_What you need to do_:
What is needed is each line of the data below that holds the string "then".
[Working data]
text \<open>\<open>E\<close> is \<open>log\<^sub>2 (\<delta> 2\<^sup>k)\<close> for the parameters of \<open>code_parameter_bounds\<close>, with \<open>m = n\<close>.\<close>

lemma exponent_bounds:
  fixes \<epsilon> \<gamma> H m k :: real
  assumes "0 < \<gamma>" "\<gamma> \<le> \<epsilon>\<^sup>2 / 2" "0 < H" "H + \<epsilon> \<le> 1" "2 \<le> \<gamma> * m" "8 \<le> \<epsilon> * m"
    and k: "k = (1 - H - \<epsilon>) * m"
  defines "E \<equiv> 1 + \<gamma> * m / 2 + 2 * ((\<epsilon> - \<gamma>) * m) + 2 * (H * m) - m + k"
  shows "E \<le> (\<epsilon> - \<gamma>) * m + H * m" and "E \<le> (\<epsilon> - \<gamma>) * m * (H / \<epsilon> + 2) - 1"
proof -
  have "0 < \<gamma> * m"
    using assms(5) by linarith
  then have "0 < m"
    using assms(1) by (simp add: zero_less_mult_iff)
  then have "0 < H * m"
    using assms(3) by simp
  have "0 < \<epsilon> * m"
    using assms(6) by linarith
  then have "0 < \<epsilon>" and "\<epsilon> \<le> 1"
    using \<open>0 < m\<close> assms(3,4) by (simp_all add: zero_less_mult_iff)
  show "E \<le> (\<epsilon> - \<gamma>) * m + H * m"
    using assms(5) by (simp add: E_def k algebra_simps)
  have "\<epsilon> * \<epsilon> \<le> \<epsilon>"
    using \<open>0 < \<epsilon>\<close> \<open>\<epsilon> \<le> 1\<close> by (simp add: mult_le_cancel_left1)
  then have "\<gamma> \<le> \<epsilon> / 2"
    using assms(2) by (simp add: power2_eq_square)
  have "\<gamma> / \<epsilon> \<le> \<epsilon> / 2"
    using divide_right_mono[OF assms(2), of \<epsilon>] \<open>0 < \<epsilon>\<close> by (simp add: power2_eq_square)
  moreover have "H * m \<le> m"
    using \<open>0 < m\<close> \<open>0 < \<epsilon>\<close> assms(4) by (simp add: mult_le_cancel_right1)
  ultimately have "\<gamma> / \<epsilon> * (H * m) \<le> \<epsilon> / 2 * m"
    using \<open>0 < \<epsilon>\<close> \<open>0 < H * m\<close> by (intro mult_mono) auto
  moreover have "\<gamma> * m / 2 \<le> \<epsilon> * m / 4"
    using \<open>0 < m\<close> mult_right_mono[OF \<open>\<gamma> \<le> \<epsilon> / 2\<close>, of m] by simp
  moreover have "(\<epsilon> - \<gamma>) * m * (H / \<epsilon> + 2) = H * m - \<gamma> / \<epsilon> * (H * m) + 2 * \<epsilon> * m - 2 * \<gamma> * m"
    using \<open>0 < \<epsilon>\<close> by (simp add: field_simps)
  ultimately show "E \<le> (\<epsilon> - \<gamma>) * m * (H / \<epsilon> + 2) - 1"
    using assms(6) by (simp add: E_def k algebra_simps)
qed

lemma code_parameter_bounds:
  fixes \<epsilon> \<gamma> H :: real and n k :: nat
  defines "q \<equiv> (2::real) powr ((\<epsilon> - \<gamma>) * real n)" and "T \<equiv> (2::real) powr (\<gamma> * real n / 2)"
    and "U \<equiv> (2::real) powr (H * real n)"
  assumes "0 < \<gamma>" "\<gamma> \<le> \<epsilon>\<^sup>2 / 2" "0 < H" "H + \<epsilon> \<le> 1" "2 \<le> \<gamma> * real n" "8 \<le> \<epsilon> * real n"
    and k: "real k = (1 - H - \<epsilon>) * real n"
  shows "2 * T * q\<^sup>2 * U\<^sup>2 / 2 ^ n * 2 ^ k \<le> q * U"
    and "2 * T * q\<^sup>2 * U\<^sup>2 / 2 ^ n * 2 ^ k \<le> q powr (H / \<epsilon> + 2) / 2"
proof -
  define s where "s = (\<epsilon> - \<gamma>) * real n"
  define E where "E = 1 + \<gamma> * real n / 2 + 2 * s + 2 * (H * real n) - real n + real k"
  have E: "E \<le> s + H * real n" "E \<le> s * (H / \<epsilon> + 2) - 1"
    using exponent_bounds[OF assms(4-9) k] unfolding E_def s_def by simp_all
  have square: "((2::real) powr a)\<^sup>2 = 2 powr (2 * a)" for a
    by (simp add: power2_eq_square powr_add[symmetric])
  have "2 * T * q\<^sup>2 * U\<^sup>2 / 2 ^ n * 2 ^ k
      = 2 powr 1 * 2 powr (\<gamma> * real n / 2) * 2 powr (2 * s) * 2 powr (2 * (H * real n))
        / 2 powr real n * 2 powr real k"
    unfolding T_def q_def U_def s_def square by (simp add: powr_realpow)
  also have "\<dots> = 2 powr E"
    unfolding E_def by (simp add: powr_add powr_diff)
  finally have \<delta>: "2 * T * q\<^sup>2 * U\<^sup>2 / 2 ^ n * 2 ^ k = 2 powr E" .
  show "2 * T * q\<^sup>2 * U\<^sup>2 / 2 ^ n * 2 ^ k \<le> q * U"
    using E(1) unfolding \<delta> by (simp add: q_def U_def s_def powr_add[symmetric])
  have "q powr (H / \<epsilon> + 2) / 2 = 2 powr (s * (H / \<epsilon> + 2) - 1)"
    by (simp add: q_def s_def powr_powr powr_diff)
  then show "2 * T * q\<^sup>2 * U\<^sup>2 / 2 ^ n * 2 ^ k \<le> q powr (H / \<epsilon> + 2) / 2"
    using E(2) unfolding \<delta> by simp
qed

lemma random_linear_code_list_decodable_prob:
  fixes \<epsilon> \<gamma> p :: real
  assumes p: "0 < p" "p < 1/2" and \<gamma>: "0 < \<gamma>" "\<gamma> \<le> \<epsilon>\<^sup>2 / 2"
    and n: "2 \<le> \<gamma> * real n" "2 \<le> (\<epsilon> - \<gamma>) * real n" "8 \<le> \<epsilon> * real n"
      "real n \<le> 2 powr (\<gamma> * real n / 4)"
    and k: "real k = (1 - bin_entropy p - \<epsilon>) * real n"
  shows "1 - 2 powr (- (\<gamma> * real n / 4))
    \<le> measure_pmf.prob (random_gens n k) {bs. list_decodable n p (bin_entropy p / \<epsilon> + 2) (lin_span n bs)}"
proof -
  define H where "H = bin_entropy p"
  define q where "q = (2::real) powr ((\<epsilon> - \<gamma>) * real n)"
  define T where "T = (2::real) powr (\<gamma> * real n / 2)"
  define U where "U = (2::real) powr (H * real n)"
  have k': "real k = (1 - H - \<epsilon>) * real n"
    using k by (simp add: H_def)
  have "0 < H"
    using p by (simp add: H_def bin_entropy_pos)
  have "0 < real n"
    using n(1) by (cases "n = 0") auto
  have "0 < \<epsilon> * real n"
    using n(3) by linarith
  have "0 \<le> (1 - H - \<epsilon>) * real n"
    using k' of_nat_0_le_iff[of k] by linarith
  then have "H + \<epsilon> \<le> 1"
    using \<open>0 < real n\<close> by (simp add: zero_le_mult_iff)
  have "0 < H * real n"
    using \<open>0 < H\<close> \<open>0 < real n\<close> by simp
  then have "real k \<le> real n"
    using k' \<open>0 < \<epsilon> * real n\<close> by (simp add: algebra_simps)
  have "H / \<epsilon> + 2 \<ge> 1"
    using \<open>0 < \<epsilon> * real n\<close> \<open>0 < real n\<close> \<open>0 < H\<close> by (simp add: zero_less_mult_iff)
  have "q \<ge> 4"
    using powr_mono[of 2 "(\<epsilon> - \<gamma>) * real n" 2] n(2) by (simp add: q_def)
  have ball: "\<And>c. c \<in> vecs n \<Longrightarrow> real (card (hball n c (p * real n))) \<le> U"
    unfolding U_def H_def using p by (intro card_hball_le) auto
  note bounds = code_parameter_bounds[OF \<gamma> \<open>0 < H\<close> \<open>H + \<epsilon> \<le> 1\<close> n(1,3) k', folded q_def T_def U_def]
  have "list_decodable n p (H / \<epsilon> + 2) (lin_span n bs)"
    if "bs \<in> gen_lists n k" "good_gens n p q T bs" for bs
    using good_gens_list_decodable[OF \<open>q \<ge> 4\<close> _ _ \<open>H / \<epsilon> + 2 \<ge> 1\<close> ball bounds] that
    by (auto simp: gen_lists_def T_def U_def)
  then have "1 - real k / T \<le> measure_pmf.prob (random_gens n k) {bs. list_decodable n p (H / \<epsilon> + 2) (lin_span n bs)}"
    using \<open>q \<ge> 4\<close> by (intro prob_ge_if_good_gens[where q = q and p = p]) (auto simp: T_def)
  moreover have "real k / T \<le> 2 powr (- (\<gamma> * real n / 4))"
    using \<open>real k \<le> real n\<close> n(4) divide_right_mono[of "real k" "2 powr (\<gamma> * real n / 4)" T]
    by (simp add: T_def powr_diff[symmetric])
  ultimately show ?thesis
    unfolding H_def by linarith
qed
[/Working data]
_Task answer_:
  then have "0 < m"
  then have "0 < H * m"
  then have "0 < \<epsilon>" and "\<epsilon> \<le> 1"
  then have "\<gamma> \<le> \<epsilon> / 2"
  then show "2 * T * q\<^sup>2 * U\<^sup>2 / 2 ^ n * 2 ^ k \<le> q powr (H / \<epsilon> + 2) / 2"
  then have "H + \<epsilon> \<le> 1"
  then have "real k \<le> real n"
  then have "1 - real k / T \<le> measure_pmf.prob (random_gens n k) {bs. list_decodable n p (H / \<epsilon> + 2) (lin_span n bs)}"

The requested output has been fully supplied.